- Work to complete: A complete and exact copy of the entries below is the expected result.

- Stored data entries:
(* Let $w$ be a 2D-weight and $\mathfrak{K}_w$ the 2D-GWN operator associated with $w$. Then for every $\Phi\in\mathcal{S}^*(M)$, $$\mathfrak{K}_w\Phi=\sum_{j,k=0}^\infty w(j,k)\,\mathfrak{a}_k^\dagger\mathfrak{a}_j\mathfrak{a}_j^\dagger\mathfrak{a}_k\Phi,$$ where the double series converges naturally, i.e. the square partial sums $\sum_{j,k=0}^n w(j,k)\mathfrak{a}_k^\dagger\mathfrak{a}_j\mathfrak{a}_j^\dagger\mathfrak{a}_k\Phi$ converge to $\mathfrak{K}_w\Phi$ in the strong topology of $\mathcal{S}^*(M)$ as $n\to\infty$.
   Context: Setting: $M$ a discrete-time normal martingale with the chaotic representation property; $Z_0=M_0$, $Z_n=M_n-M_{n-1}$; $\Gamma$ the finite subsets of $\mathbb{N}$, $Z_\emptyset=1$, $Z_\sigma=\prod_{j\in\sigma}Z_j$, an orthonormal basis of $\mathcal{L}^2(M)=L^2(\Omega,\sigma(M_n;n\ge0),P)$. $\lambda_\emptyset=1$, $\lambda_\sigma=\prod_{k\in\sigma}(k+1)$; $\mathcal{S}(M)=\{\xi\in\mathcal{L}^2(M):\sum_\sigma\lambda_\sigma^{2p}|\langle Z_\sigma,\xi\rangle|^2<\infty\ \forall p\ge0\}$ with the topology of these Hilbertian norms (countably Hilbertian nuclear), $\mathcal{S}^*(M)$ its dual with the strong topology. Fock transform $\widehat\Phi(\sigma)=\Phi(Z_\sigma)$ (determines $\Phi$). $\mathbf{1}_\sigma$ is the indicator of $\sigma$. A 2D-weight is a nonnegative $w$ on $\mathbb{N}^2$ with $\sup_k\sum_jw(j,k)<\infty$; its spectral function is $\vartheta_w(\sigma)=\sum_j\mathbf{1}_\sigma(j)w(j,j)+\sum_{j,k}(1-\mathbf{1}_\sigma(j))\mathbf{1}_\sigma(k)w(j,k)$; the 2D-GWN operator $\mathfrak{K}_w$ is the unique continuous linear operator on $\mathcal{S}^*(M)$ with $\widehat{\mathfrak{K}_w\Phi}(\sigma)=\vartheta_w(\sigma)\widehat\Phi(\sigma)$. For $k\ge0$, $\mathfrak{a}_k,\mathfrak{a}_k^\dagger$ are the continuous linear operators on $\mathcal{S}^*(M)$ determined by $\widehat{\mathfrak{a}_k\Phi}(\sigma)=(1-\mathbf{1}_\sigma(k))\widehat\Phi(\sigma\cup\{k\})$ and $\widehat{\mathfrak{a}_k^\dagger\Phi}(\sigma)=\mathbf{1}_\sigma(k)\widehat\Phi(\sigma\setminus\{k\})$. *)

theory Defs
  imports "HOL-Analysis.Analysis"
begin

- Exercise solution:
(* Let $w$ be a 2D-weight and $\mathfrak{K}_w$ the 2D-GWN operator associated with $w$. Then for every $\Phi\in\mathcal{S}^*(M)$, $$\mathfrak{K}_w\Phi=\sum_{j,k=0}^\infty w(j,k)\,\mathfrak{a}_k^\dagger\mathfrak{a}_j\mathfrak{a}_j^\dagger\mathfrak{a}_k\Phi,$$ where the double series converges naturally, i.e. the square partial sums $\sum_{j,k=0}^n w(j,k)\mathfrak{a}_k^\dagger\mathfrak{a}_j\mathfrak{a}_j^\dagger\mathfrak{a}_k\Phi$ converge to $\mathfrak{K}_w\Phi$ in the strong topology of $\mathcal{S}^*(M)$ as $n\to\infty$.
   Context: Setting: $M$ a discrete-time normal martingale with the chaotic representation property; $Z_0=M_0$, $Z_n=M_n-M_{n-1}$; $\Gamma$ the finite subsets of $\mathbb{N}$, $Z_\emptyset=1$, $Z_\sigma=\prod_{j\in\sigma}Z_j$, an orthonormal basis of $\mathcal{L}^2(M)=L^2(\Omega,\sigma(M_n;n\ge0),P)$. $\lambda_\emptyset=1$, $\lambda_\sigma=\prod_{k\in\sigma}(k+1)$; $\mathcal{S}(M)=\{\xi\in\mathcal{L}^2(M):\sum_\sigma\lambda_\sigma^{2p}|\langle Z_\sigma,\xi\rangle|^2<\infty\ \forall p\ge0\}$ with the topology of these Hilbertian norms (countably Hilbertian nuclear), $\mathcal{S}^*(M)$ its dual with the strong topology. Fock transform $\widehat\Phi(\sigma)=\Phi(Z_\sigma)$ (determines $\Phi$). $\mathbf{1}_\sigma$ is the indicator of $\sigma$. A 2D-weight is a nonnegative $w$ on $\mathbb{N}^2$ with $\sup_k\sum_jw(j,k)<\infty$; its spectral function is $\vartheta_w(\sigma)=\sum_j\mathbf{1}_\sigma(j)w(j,j)+\sum_{j,k}(1-\mathbf{1}_\sigma(j))\mathbf{1}_\sigma(k)w(j,k)$; the 2D-GWN operator $\mathfrak{K}_w$ is the unique continuous linear operator on $\mathcal{S}^*(M)$ with $\widehat{\mathfrak{K}_w\Phi}(\sigma)=\vartheta_w(\sigma)\widehat\Phi(\sigma)$. For $k\ge0$, $\mathfrak{a}_k,\mathfrak{a}_k^\dagger$ are the continuous linear operators on $\mathcal{S}^*(M)$ determined by $\widehat{\mathfrak{a}_k\Phi}(\sigma)=(1-\mathbf{1}_\sigma(k))\widehat\Phi(\sigma\cup\{k\})$ and $\widehat{\mathfrak{a}_k^\dagger\Phi}(\sigma)=\mathbf{1}_\sigma(k)\widehat\Phi(\sigma\setminus\{k\})$. *)

theory Defs
  imports "HOL-Analysis.Analysis"
begin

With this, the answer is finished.